Simply put, natural wine is wine created without adding or taking anything away. While traditional commercial winemakers remove the naturally occurring yeasts from the grape and add mass-produced yeasts to determine flavour, natural wines allow the grapes’ own yeasts to reflect a true taste of the terroir.

‘When we think of winemaking, we have a vision of a winemaker tending to their vines and pressing them into barrels in ancient caves. In reality, winemaking is just as much a victim of industrial farming as the sliced white loaf,’ explains Alex.

‘Commercial winemaking is standardised, homogenised and about control. Natural wine is what we commonly perceive to simply be wine – that is, fermented grape juice.’


Natural, low-intervention, raw, real: there are a lot of different terms being bandied about to describe this wine movement. Unlike organic or biodynamic products, there are no established organisations regulating the production of these wines, so what they’re called will depend on who you talk to.

‘Most producers would prefer not to call it natural wine at all,’ says Alex. ‘For them it’s just wine they’d rather the commercially manufactured wine be labelled as so.’


Sulphur dioxide (SO₂) is the pesky compound rumoured to cause those morning-after headaches and it’s used in commercial winemaking to kill bacteria and prevent oxidisation.

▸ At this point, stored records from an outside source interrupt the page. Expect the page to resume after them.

lemma successively_concat_iff:
  assumes "[] \<notin> set ss"
  shows "successively R (concat ss) \<longleftrightarrow>
    (\<forall>s\<in>set ss. successively R s) \<and> successively (\<lambda>s t. R (last s) (hd t)) ss"
  using assms by (induction ss rule: induct_list012) (auto simp: successively_append_iff hd_append)

lemma successively_split_blocks:
  assumes "successively (\<lambda>a b. R a b \<or> J a b) xs"
  shows "\<exists>ss. concat ss = xs \<and> [] \<notin> set ss \<and> (\<forall>s\<in>set ss. successively R s)
    \<and> successively (\<lambda>s t. J (last s) (hd t)) ss"
  using assms
proof (induction xs rule: induct_list012)
  case 1
  show ?case by (intro exI[of _ "[]"]) simp
next
  case (2 x)
  show ?case by (intro exI[of _ "[[x]]"]) simp
next
  case (3 x y zs)
  then obtain ss where ss: "concat ss = y # zs" "[] \<notin> set ss" "\<forall>s\<in>set ss. successively R s"
    "successively (\<lambda>s t. J (last s) (hd t)) ss"
    by auto
  then obtain s ss' where s: "ss = s # ss'" "s \<noteq> []" "hd s = y"
    by (cases ss) (auto simp: append_eq_Cons_conv)
  from "3.prems" consider "R x y" | "J x y" by auto
  then show ?case
  proof cases
    case 1
    have "successively R (x # s)"
      using 1 s ss(3) by (simp add: successively_Cons)
    moreover have "successively (\<lambda>s t. J (last s) (hd t)) ((x # s) # ss')"
      using ss(4) s by (simp add: successively_Cons)
    ultimately show ?thesis
      using ss s by (intro exI[of _ "(x # s) # ss'"]) auto
  next
    case 2
    have "successively (\<lambda>s t. J (last s) (hd t)) ([x] # ss)"
      using 2 ss(4) s by (simp add: successively_Cons)
    then show ?thesis
      using ss by (intro exI[of _ "[x] # ss"]) auto
  qed
qed

lemma successively_links_endpoints:
  assumes "successively (\<lambda>s t. E (last s) \<and> S (hd t)) ss" "S (hd (hd ss))" "E (last (last ss))"
  shows "\<forall>s\<in>set ss. S (hd s) \<and> E (last s)"
  using assms
proof (induction ss rule: induct_list012)
  case (3 s t rest)
  have "E (last s)" "S (hd t)" "successively (\<lambda>s t. E (last s) \<and> S (hd t)) (t # rest)"
    using "3.prems"(1) by simp_all
  moreover have "E (last (last (t # rest)))"
    using "3.prems"(3) by simp
  ultimately have "\<forall>s\<in>set (t # rest). S (hd s) \<and> E (last s)"
    by (intro "3.IH"(2)) simp_all
  then show ?case
    using \<open>E (last s)\<close> "3.prems"(2) by simp
qed simp_all

lemma hd_concat_nonempty: "[] \<notin> set ss \<Longrightarrow> ss \<noteq> [] \<Longrightarrow> hd (concat ss) = hd (hd ss)"
  by (cases ss) auto

lemma last_concat_nonempty: "[] \<notin> set ss \<Longrightarrow> ss \<noteq> [] \<Longrightarrow> last (concat ss) = last (last ss)"
  by (induction ss rule: induct_list012) (auto simp: last_append)

lemma sorted_wrt_less_map_iff:
  fixes f :: "'a \<Rightarrow> 'b::order"
  shows "sorted_wrt (<) (map f xs) \<longleftrightarrow> successively (\<lambda>a b. f a < f b) xs"
  by (simp add: successively_conv_sorted_wrt[symmetric] successively_map)

fun follow :: "'t pattern \<Rightarrow> ('t \<times> 't) set" where
  "follow (Ev E) = {}"
| "follow (Plus P) = follow P \<union> {(end P, start P)}"
| "follow (Seq P Q) = follow P \<union> follow Q \<union> {(end P, start Q)}"

lemma start_in_types: "start P \<in> set (types P)"
  by (induction P) auto

lemma end_in_types: "end P \<in> set (types P)"
  by (induction P) auto

lemma follow_subset_types: "follow P \<subseteq> set (types P) \<times> set (types P)"
  using start_in_types end_in_types by (induction P) fastforce+

definition trend_step ::
    "('e \<Rightarrow> 't) \<Rightarrow> ('e \<Rightarrow> rat) \<Rightarrow> ('t \<times> 't) set \<Rightarrow> 'e \<Rightarrow> 'e \<Rightarrow> bool" where
  "trend_step ty tm F a b \<longleftrightarrow> tm a < tm b \<and> (ty a, ty b) \<in> F"

definition local_trend ::
    "('e \<Rightarrow> 't) \<Rightarrow> ('e \<Rightarrow> rat) \<Rightarrow> 'e set \<Rightarrow> 't pattern \<Rightarrow> 'e list \<Rightarrow> bool" where
  "local_trend ty tm I P xs \<longleftrightarrow> xs \<noteq> [] \<and> set xs \<subseteq> I \<and>
     successively (trend_step ty tm (follow P)) xs \<and> ty (hd xs) = start P \<and> ty (last xs) = end P"

lemma local_trend_Ev_iff:
  "local_trend ty tm I (Ev E) xs \<longleftrightarrow> (\<exists>e. xs = [e] \<and> e \<in> I \<and> ty e = E)"
  by (cases xs rule: remdups_adj.cases) (auto simp: local_trend_def trend_step_def)

lemma trend_step_SeqE:
  assumes "set (types P) \<inter> set (types Q) = {}" "trend_step ty tm (follow (Seq P Q)) a b"
  obtains "trend_step ty tm (follow P) a b" "ty a \<notin> set (types Q)" "ty b \<notin> set (types Q)"
  | "ty a = end P" "ty b = start Q" "ty a \<notin> set (types Q)" "ty b \<in> set (types Q)"
  | "trend_step ty tm (follow Q) a b" "ty a \<in> set (types Q)" "ty b \<in> set (types Q)"
  using assms follow_subset_types[of P] follow_subset_types[of Q] end_in_types[of P]
    start_in_types[of Q] by (auto simp: trend_step_def)

lemma successively_trend_step_mono:
  "successively (trend_step ty tm F) xs \<Longrightarrow> F \<subseteq> G \<Longrightarrow> successively (trend_step ty tm G) xs"
  by (erule successively_mono) (auto simp: trend_step_def)

lemma successively_trend_step_less:
  "successively (trend_step ty tm F) xs \<Longrightarrow> successively (\<lambda>a b. tm a < tm b) xs"
  by (erule successively_mono) (simp add: trend_step_def)

lemma local_trend_Seq_split:
  assumes disj: "set (types P) \<inter> set (types Q) = {}"
    and L: "local_trend ty tm I (Seq P Q) xs"
  obtains s1 s2 where "xs = s1 @ s2" "local_trend ty tm I P s1" "local_trend ty tm I Q s2"
proof -
  let ?inQ = "\<lambda>e. ty e \<in> set (types Q)"
  define s1 s2
    where "s1 = takeWhile (\<lambda>e. \<not> ?inQ e) xs" and "s2 = dropWhile (\<lambda>e. \<not> ?inQ e) xs"
  have xs: "xs = s1 @ s2"
    by (simp add: s1_def s2_def)
  have steps: "successively (trend_step ty tm (follow (Seq P Q))) xs"
    using L by (simp add: local_trend_def)
  have "?inQ (last xs)"
    using L end_in_types[of Q] by (simp add: local_trend_def)
  then have "s2 \<noteq> []"
    using L last_in_set by (fastforce simp: s2_def local_trend_def)
  have "\<not> ?inQ (hd xs)"
    using L disj start_in_types[of P] by (auto simp: local_trend_def)
  then have "s1 \<noteq> []"
    using L by (auto simp: s1_def local_trend_def takeWhile_eq_Nil_iff)
  have s1_notQ: "\<forall>e\<in>set s1. \<not> ?inQ e"
    by (auto simp: s1_def dest: set_takeWhileD)
  have "?inQ (hd s2)"
    using hd_dropWhile[of "\<lambda>e. \<not> ?inQ e" xs] \<open>s2 \<noteq> []\<close> by (simp add: s2_def)
  have steps1: "successively (trend_step ty tm (follow (Seq P Q))) s1"
    and steps2: "successively (trend_step ty tm (follow (Seq P Q))) s2"
    and junction: "trend_step ty tm (follow (Seq P Q)) (last s1) (hd s2)"
    using steps \<open>s1 \<noteq> []\<close> \<open>s2 \<noteq> []\<close> by (simp_all add: xs successively_append_iff)
  have s2_Q: "\<forall>e\<in>set s2. ?inQ e"
    \<comment> \<open>by disjointness, no step leaves the types of Q\<close>
    using steps2 \<open>?inQ (hd s2)\<close>
    by (rule successively_propagate) (erule trend_step_SeqE[OF disj]; simp)
  have "successively (trend_step ty tm (follow P)) s1"
    using steps1
    by (rule successively_mono) (erule trend_step_SeqE[OF disj]; use s1_notQ in auto)
  moreover have "successively (trend_step ty tm (follow Q)) s2"
    using steps2
    by (rule successively_mono) (erule trend_step_SeqE[OF disj]; use s2_Q in auto)
  moreover have "ty (last s1) = end P \<and> ty (hd s2) = start Q"
    using junction by (rule trend_step_SeqE[OF disj])
      (use s1_notQ \<open>s1 \<noteq> []\<close> \<open>?inQ (hd s2)\<close> in auto)
  ultimately show thesis
    using that xs L \<open>s1 \<noteq> []\<close> \<open>s2 \<noteq> []\<close> by (auto simp: local_trend_def)
qed

lemma local_trend_Seq_iff:
  assumes "set (types P) \<inter> set (types Q) = {}"
  shows "local_trend ty tm I (Seq P Q) xs \<longleftrightarrow>
    (\<exists>s1 s2. xs = s1 @ s2 \<and> local_trend ty tm I P s1 \<and> local_trend ty tm I Q s2
       \<and> sorted_wrt (<) (map tm xs))"
proof
  assume L: "local_trend ty tm I (Seq P Q) xs"
  then have "sorted_wrt (<) (map tm xs)"
    unfolding local_trend_def sorted_wrt_less_map_iff
    by (blast intro: successively_trend_step_less)
  with local_trend_Seq_split[OF assms L]
  show "\<exists>s1 s2. xs = s1 @ s2 \<and> local_trend ty tm I P s1 \<and> local_trend ty tm I Q s2
       \<and> sorted_wrt (<) (map tm xs)"
    by blast
next
  assume "\<exists>s1 s2. xs = s1 @ s2 \<and> local_trend ty tm I P s1 \<and> local_trend ty tm I Q s2
       \<and> sorted_wrt (<) (map tm xs)"
  then obtain s1 s2 where xs: "xs = s1 @ s2" and L1: "local_trend ty tm I P s1"
    and L2: "local_trend ty tm I Q s2" and sorted: "successively (\<lambda>a b. tm a < tm b) xs"
    by (auto simp: sorted_wrt_less_map_iff)
  have "successively (trend_step ty tm (follow (Seq P Q))) s1"
    using L1 unfolding local_trend_def by (auto intro: successively_trend_step_mono)
  moreover have "successively (trend_step ty tm (follow (Seq P Q))) s2"
    using L2 unfolding local_trend_def by (auto intro: successively_trend_step_mono)
  moreover have "trend_step ty tm (follow (Seq P Q)) (last s1) (hd s2)"
    using sorted L1 L2 by (auto simp: xs local_trend_def trend_step_def successively_append_iff)
  ultimately show "local_trend ty tm I (Seq P Q) xs"
    using L1 L2 by (auto simp: xs local_trend_def successively_append_iff)
qed

lemma local_trend_Plus_split:
  assumes L: "local_trend ty tm I (Plus P) xs"
  obtains ss where "xs = concat ss" "ss \<noteq> []" "\<forall>s\<in>set ss. local_trend ty tm I P s"
    "successively (\<lambda>s t. tm (last s) < tm (hd t)) ss"
proof -
  have "successively (trend_step ty tm (follow (Plus P))) xs"
    using L by (simp add: local_trend_def)
  then have "successively (\<lambda>a b. trend_step ty tm (follow P) a b
      \<or> tm a < tm b \<and> ty a = end P \<and> ty b = start P) xs"
    by (rule successively_mono) (auto simp: trend_step_def)
  from successively_split_blocks[OF this]
  obtain ss where xs: "concat ss = xs" and nonempty: "[] \<notin> set ss"
    and blocks: "\<forall>s\<in>set ss. successively (trend_step ty tm (follow P)) s"
    and links: "successively
      (\<lambda>s t. tm (last s) < tm (hd t) \<and> ty (last s) = end P \<and> ty (hd t) = start P) ss"
    by blast
  have "ss \<noteq> []"
    using L xs by (auto simp: local_trend_def)
  have "successively (\<lambda>s t. ty (last s) = end P \<and> ty (hd t) = start P) ss"
    using links by (rule successively_mono) simp
  moreover have "hd xs = hd (hd ss)" "last xs = last (last ss)"
    using nonempty \<open>ss \<noteq> []\<close> unfolding xs[symmetric]
    by (simp_all add: hd_concat_nonempty last_concat_nonempty)
  ultimately have "\<forall>s\<in>set ss. ty (hd s) = start P \<and> ty (last s) = end P"
    using L by (intro successively_links_endpoints) (auto simp: local_trend_def)
  then have "\<forall>s\<in>set ss. local_trend ty tm I P s"
    using blocks nonempty L xs by (fastforce simp: local_trend_def)
  moreover have "successively (\<lambda>s t. tm (last s) < tm (hd t)) ss"
    using links by (rule successively_mono) simp
  ultimately show thesis
    using that xs \<open>ss \<noteq> []\<close> by blast
qed

lemma local_trend_Plus_iff:
  "local_trend ty tm I (Plus P) xs \<longleftrightarrow>
    (\<exists>ss. xs = concat ss \<and> ss \<noteq> [] \<and> (\<forall>s\<in>set ss. local_trend ty tm I P s)
       \<and> successively (\<lambda>s t. tm (last s) < tm (hd t)) ss)"
proof
  assume "local_trend ty tm I (Plus P) xs"
  then show "\<exists>ss. xs = concat ss \<and> ss \<noteq> [] \<and> (\<forall>s\<in>set ss. local_trend ty tm I P s)
       \<and> successively (\<lambda>s t. tm (last s) < tm (hd t)) ss"
    by (elim local_trend_Plus_split) blast
next
  assume "\<exists>ss. xs = concat ss \<and> ss \<noteq> [] \<and> (\<forall>s\<in>set ss. local_trend ty tm I P s)
       \<and> successively (\<lambda>s t. tm (last s) < tm (hd t)) ss"
  then obtain ss where xs: "xs = concat ss" and "ss \<noteq> []"
    and blocks: "\<forall>s\<in>set ss. local_trend ty tm I P s"
    and links: "successively (\<lambda>s t. tm (last s) < tm (hd t)) ss"
    by blast
  have nonempty: "[] \<notin> set ss"
    using blocks by (auto simp: local_trend_def)
  have "successively (trend_step ty tm (follow (Plus P))) xs"
    unfolding xs successively_concat_iff[OF nonempty]
  proof
    show "\<forall>s\<in>set ss. successively (trend_step ty tm (follow (Plus P))) s"
      using blocks by (auto simp: local_trend_def intro: successively_trend_step_mono)
    show "successively (\<lambda>s t. trend_step ty tm (follow (Plus P)) (last s) (hd t)) ss"
      using links by (rule successively_mono)
        (use blocks in \<open>auto simp: local_trend_def trend_step_def\<close>)
  qed
  moreover have "hd xs = hd (hd ss)" "last xs = last (last ss)"
    using nonempty \<open>ss \<noteq> []\<close> unfolding xs
    by (simp_all add: hd_concat_nonempty last_concat_nonempty)
  ultimately show "local_trend ty tm I (Plus P) xs"
    using blocks \<open>ss \<noteq> []\<close> by (auto simp: xs local_trend_def)
qed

The natural wine movement’s preference not to mess with the natural grape juice and add SO₂ is why these wines have been widely credited for their hangover-swerving assets. However, although most natural producers don’t add SO₂ as a matter of course, that doesn’t mean there won’t be any at all.

Alex explains: ‘SO₂ is a naturally occurring by-product of winemaking, so will always be present. Natural winemakers have a mixed reaction to adding additional SO₂; some use it sparingly – as has been done since the Romans burnt sulphur candles in amphora to sterilise the vessels – whereas others completely eschew its use.’


The language commonly used around natural wine tends to focus on words ending with ‘y’: funky, lively, juicy and, even, barnyard-y. But there’s a lip-smacking spectrum of flavours, styles and vintages to discover.

‘Natural wines are a great way to explore flavours you wouldn’t usually expect to find in wine,’ says Alex.

‘You could have two different producers who produce wildly different wines from the same grape variety – you wouldn’t see the same level of variation in commercial wine production.

‘It’s also a massive myth that natural wine can’t be aged. The industry has high overhead costs, so producers – usually small, independently owned businesses – are forced to release their wine for financial security.’